[openib-general] Re: [PATCH][RFC][0/4] InfiniBand userspace verbs implementation

Tue Apr 12 18:04:47 PDT 2005

On Mon, Apr 11, 2005 at 05:13:47PM -0700, Andrew Morton wrote:
> Roland Dreier <roland at topspin.com> wrote:
> >
> >     Troy> Do we even need the mlock in userspace then?
> > 
> > Yes, because the kernel may go through and unmap pages from userspace
> > while trying to swap.  Since we have the page locked in the kernel,
> > the physical page won't go anywhere, but userspace might end up with a
> > different page mapped at the same virtual address.

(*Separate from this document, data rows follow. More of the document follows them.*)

text \<open>Admissible sample path of the switching process xi on [0,oo): values in S,
  piecewise constant and right-continuous with finitely many jumps in every
  bounded interval (every jump time of [0,T) lies in a finite set D; the value at a
  jump time is the new value). Almost every path of the continuous-time Markov chain
  on S with finite rates q12, q21 is of this form.\<close>
definition switching_path :: "(real \<Rightarrow> nat) \<Rightarrow> bool" where
  "switching_path \<sigma> \<longleftrightarrow> (\<forall>t. \<sigma> t \<in> Sset) \<and>
     (\<forall>T. \<exists>D. finite D \<and>
        (\<forall>s t. 0 \<le> s \<and> s \<le> t \<and> t < T \<and> {s<..t} \<inter> D = {} \<longrightarrow> \<sigma> s = \<sigma> t))"

text \<open>X solves dX_i/dt = X_i f_i(X, xi(t)) on [0,oo) along the path sigma:
  X is continuous on [0,oo) and has right derivative equal to the vector field
  at every t >= 0 (the path is right-continuous, so this is the usual notion).\<close>
definition solves :: "real \<Rightarrow> real \<Rightarrow> real \<Rightarrow> real \<Rightarrow> (nat \<Rightarrow> real) \<Rightarrow> (nat \<Rightarrow> real)
    \<Rightarrow> (nat \<Rightarrow> real) \<Rightarrow> (nat \<Rightarrow> real) \<Rightarrow> (real \<Rightarrow> nat) \<Rightarrow> (real \<Rightarrow> real^3) \<Rightarrow> bool" where
  "solves r d b1 b2 c1 c2 e1 e2 \<sigma> X \<longleftrightarrow>
     continuous_on {0..} X \<and>
     (\<forall>t\<ge>0. (X has_vector_derivative field r d b1 b2 c1 c2 e1 e2 (\<sigma> t) (X t)) (at t within {t..}))"

end

theory Submission
  imports Defs
begin

text \<open>
  Along a switching path the system is an ODE whose field is piecewise constant in time and
  locally Lipschitz in the state. Every component satisfies \<open>x\<^sub>i' = x\<^sub>i g\<^sub>i\<close> with \<open>g\<^sub>i\<close>
  bounded on bounded time intervals, so Gronwall's inequality for \<open>\<plusminus>x\<^sub>i\<^sup>2\<close> shows that zero
  components stay zero and positive ones stay positive: the closed and the open orthant are
  invariant. On the orthant, \<open>V = w\<^sub>1 x\<^sub>1 + w\<^sub>2 x\<^sub>2 + x\<^sub>3\<close> with \<open>w\<^sub>i c\<^sub>i(j) \<ge> e\<^sub>i(j)\<close> in both
  regimes satisfies \<open>V' \<le> d (A - V)\<close>, hence \<open>V(X t) - A \<le> (V(X 0) - A) e\<^sup>-\<^sup>d\<^sup>t\<close>.
  This a priori bound makes the solution of the field truncated outside a large ball, which
  exists by Banach's fixed point theorem, a solution of the original system on every
  \<open>[0, T]\<close>; Gronwall's inequality gives uniqueness; and every solution enters the compact
  set \<open>{x \<ge> 0. V x \<le> A + 1}\<close> by time \<open>V(X 0) / d\<close> and stays there.
\<close>

lemma right_DERIV_nonpos_imp_decreasing:
  fixes \<phi> \<phi>' :: "real \<Rightarrow> real"
  assumes ab: "a \<le> b" and cont: "continuous_on {a..b} \<phi>"
    and der: "\<And>t. a \<le> t \<Longrightarrow> t < b \<Longrightarrow> (\<phi> has_real_derivative \<phi>' t) (at_right t)"
    and nonpos: "\<And>t. a \<le> t \<Longrightarrow> t < b \<Longrightarrow> \<phi>' t \<le> 0"
  shows "\<phi> b \<le> \<phi> a"
proof (rule field_le_epsilon)
  fix \<epsilon> :: real assume "\<epsilon> > 0"
  define e where "e = \<epsilon> / (b - a + 1)"
  have "e > 0" using \<open>\<epsilon> > 0\<close> ab by (simp add: e_def)
  define S where "S = {t\<in>{a..b}. \<phi> t - e * (t - a) \<le> \<phi> a}"
  have "closed S" unfolding S_def
    by (intro continuous_on_closed_Collect_le continuous_intros cont)
  moreover have "a \<in> S" using ab by (auto simp: S_def)
  moreover have bdd: "bdd_above S" by (auto simp: S_def bdd_above_def)
  ultimately have sS: "Sup S \<in> S" using closed_contains_Sup by blast
  \<comment> \<open>if \<open>Sup S < b\<close>, the right derivative \<open>< e\<close> at \<open>Sup S\<close> pushes \<open>S\<close> beyond its supremum\<close>
  have "Sup S = b"
  proof (rule ccontr)
    define s where "s = Sup S"
    assume "Sup S \<noteq> b"
    with sS have s: "a \<le> s" "s < b" by (auto simp: S_def s_def)
    have "((\<lambda>y. (\<phi> y - \<phi> s) / (y - s)) \<longlongrightarrow> \<phi>' s) (at_right s)"
      using der[OF s] by (simp add: has_field_derivative_iff)
    moreover have "\<phi>' s < e" using nonpos[OF s] \<open>e > 0\<close> by simp
    ultimately have "eventually (\<lambda>y. (\<phi> y - \<phi> s) / (y - s) < e) (at_right s)"
      by (rule order_tendstoD(2))
    then obtain c where c: "c > s" "\<And>y. s < y \<Longrightarrow> y < c \<Longrightarrow> (\<phi> y - \<phi> s) / (y - s) < e"
      by (auto simp: eventually_at_right_field)
    define y where "y = (s + min c b) / 2"
    have y: "s < y" "y < c" "y \<le> b" using c s by (auto simp: y_def)
    have "\<phi> y - \<phi> s < e * (y - s)" using c(2)[OF y(1,2)] y(1) by (simp add: divide_less_eq)
    moreover have "\<phi> s - e * (s - a) \<le> \<phi> a" using sS by (auto simp: S_def s_def)
    ultimately have "y \<in> S" using y s by (auto simp: S_def algebra_simps)
    hence "y \<le> s" unfolding s_def using bdd by (rule cSup_upper)
    with y show False by simp
  qed
  hence "\<phi> b \<le> \<phi> a + e * (b - a)" using sS by (auto simp: S_def algebra_simps)
  also have "e * (b - a) \<le> \<epsilon>" using \<open>\<epsilon> > 0\<close> ab by (simp add: e_def field_simps)
  finally show "\<phi> b \<le> \<phi> a + \<epsilon>" by simp
qed

lemma right_DERIV_gronwall:
  fixes \<phi> \<phi>' :: "real \<Rightarrow> real"
  assumes ab: "a \<le> b" and cont: "continuous_on {a..b} \<phi>"
    and der: "\<And>t. a \<le> t \<Longrightarrow> t < b \<Longrightarrow> (\<phi> has_real_derivative \<phi>' t) (at_right t)"
    and growth: "\<And>t. a \<le> t \<Longrightarrow> t < b \<Longrightarrow> \<phi>' t \<le> K * \<phi> t"
  shows "\<phi> b \<le> \<phi> a * exp (K * (b - a))"
proof -
  define \<psi> where "\<psi> t = \<phi> t * exp (- K * (t - a))" for t
  have "\<psi> b \<le> \<psi> a"
  proof (rule right_DERIV_nonpos_imp_decreasing[OF ab])
    show "continuous_on {a..b} \<psi>" unfolding \<psi>_def by (intro continuous_intros cont)
  next
    fix t assume t: "a \<le> t" "t < b"
    show "(\<psi> has_real_derivative (\<phi>' t - K * \<phi> t) * exp (- K * (t - a))) (at_right t)"
      unfolding \<psi>_def by (rule derivative_eq_intros der[OF t] refl | simp add: algebra_simps)+
    show "(\<phi>' t - K * \<phi> t) * exp (- K * (t - a)) \<le> 0"
      using growth[OF t] by (simp add: mult_nonpos_nonneg)
  qed
  hence "\<phi> b * exp (- K * (b - a)) * exp (K * (b - a)) \<le> \<phi> a * exp (K * (b - a))"
    by (simp add: \<psi>_def)
  thus ?thesis by (simp add: mult.assoc flip: exp_add)
qed
(* Every rooted duplication tree $T$ with $n$ leaves admits a unique finite sequence of duplication events $(B_1,B_2,\dots,B_k)$ with $B_1\preceq B_2\preceq\cdots\preceq B_k$ such that applying $B_1,\dots,B_k$ in this order to the single root gene produces $T$ (with its leaf order).
   Context: A duplication event on a current ordered array of genes $(g_1,\dots,g_m)$ is specified by a contiguous set of indices $B=\{i,i+1,\dots,i+\ell-1\}$ with $1\le i\le i+\ell-1\le m$; applying it gives each $g_j$, $j\in B$, two new children $\mathrm{lc}(g_j),\mathrm{rc}(g_j)$ and replaces $g_i,\dots,g_{i+\ell-1}$ by $\mathrm{lc}(g_i),\dots,\mathrm{lc}(g_{i+\ell-1}),\mathrm{rc}(g_i),\dots,\mathrm{rc}(g_{i+\ell-1})$. A rooted duplication tree is a rooted binary tree with ordered leaves arising from a single root gene by a finite sequence of such events (internal nodes = duplicated genes, leaves = final genes in order). For index sets $B_1,B_2$ write $B_1\prec B_2$ iff $\max B_1<\min B_2$, and $B_1\preceq B_2$ iff not $B_2\prec B_1$ (i.e. $\min B_1\le \max B_2$). *)

theory Defs
  imports Main
begin

text \<open>A gene is identified by its address in the duplication tree: the root gene is the
  empty list, and the left/right children of a gene g are g @ [False] / g @ [True].
  The ordered array of current genes is a list of addresses; the final array determines the
  rooted duplication tree (internal nodes = proper prefixes) together with its leaf order.\<close>

type_synonym gene = "bool list"

definition lc :: "gene \<Rightarrow> gene" where "lc g = g @ [False]"
definition rc :: "gene \<Rightarrow> gene" where "rc g = g @ [True]"

definition is_event :: "nat \<Rightarrow> nat set \<Rightarrow> bool" where
  "is_event m B \<longleftrightarrow> (\<exists>i l. 1 \<le> i \<and> 1 \<le> l \<and> i + l - 1 \<le> m \<and> B = {i..i + l - 1})"

definition apply_event :: "nat set \<Rightarrow> gene list \<Rightarrow> gene list" where
  "apply_event B gs =
     (let i = Min B; l = card B; blk = take l (drop (i - 1) gs)
      in take (i - 1) gs @ map lc blk @ map rc blk @ drop (i - 1 + l) gs)"

fun run :: "nat set list \<Rightarrow> gene list \<Rightarrow> gene list option" where
  "run [] gs = Some gs"
| "run (B # Bs) gs = (if is_event (length gs) B then run Bs (apply_event B gs) else None)"

definition dup_tree :: "gene list \<Rightarrow> bool" where
  "dup_tree T \<longleftrightarrow> (\<exists>Bs. run Bs [[]] = Some T)"

definition blk_prec :: "nat set \<Rightarrow> nat set \<Rightarrow> bool" where
  "blk_prec B1 B2 \<longleftrightarrow> Max B1 < Min B2"

definition blk_preceq :: "nat set \<Rightarrow> nat set \<Rightarrow> bool" where
  "blk_preceq B1 B2 \<longleftrightarrow> \<not> blk_prec B2 B1"

end

theory Submission
  imports Defs "HOL-Library.Sublist"
begin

With the last few kernels I haven't had a chance to retest the problem
that pushed us in the direction of using mlock. I will go back and do
so with the latest kernel. Below I've given a quick description of the
issue.

> That shouldn't happen.  If get_user_pages() has elevated the refcount on a
> page then the following can happen:
> 
> - The VM may decide to add the page to swapcache (if it's not mmapped
>   from a file).
> 
> - Once the page is backed by either swapcache of a (mmapped) file, the VM
>   may decide the unmap the application's pte's.  A later minor fault by the
>   app will cause the same physical page to be remapped.

The driver did use get_user_pages() to elevated the refcount on all the
pages it was going to use for IO, as well as call set_page_dirty() since
the pages were going to have data written to them from the device.

The problem we were seeing is that the minor fault by the app resulted
in a new physical page getting mapped for the application. The page that
had the elevated refcount was still waiting for the data to be written
to by the driver at the time that the app accessed the page causing the
minor fault. Obviously since the app had a new mapping the data written
by the driver was lost.

It looks like code was added to try_to_unmap_one() to address this, so
hopefully it's no longer an issue...

-Libor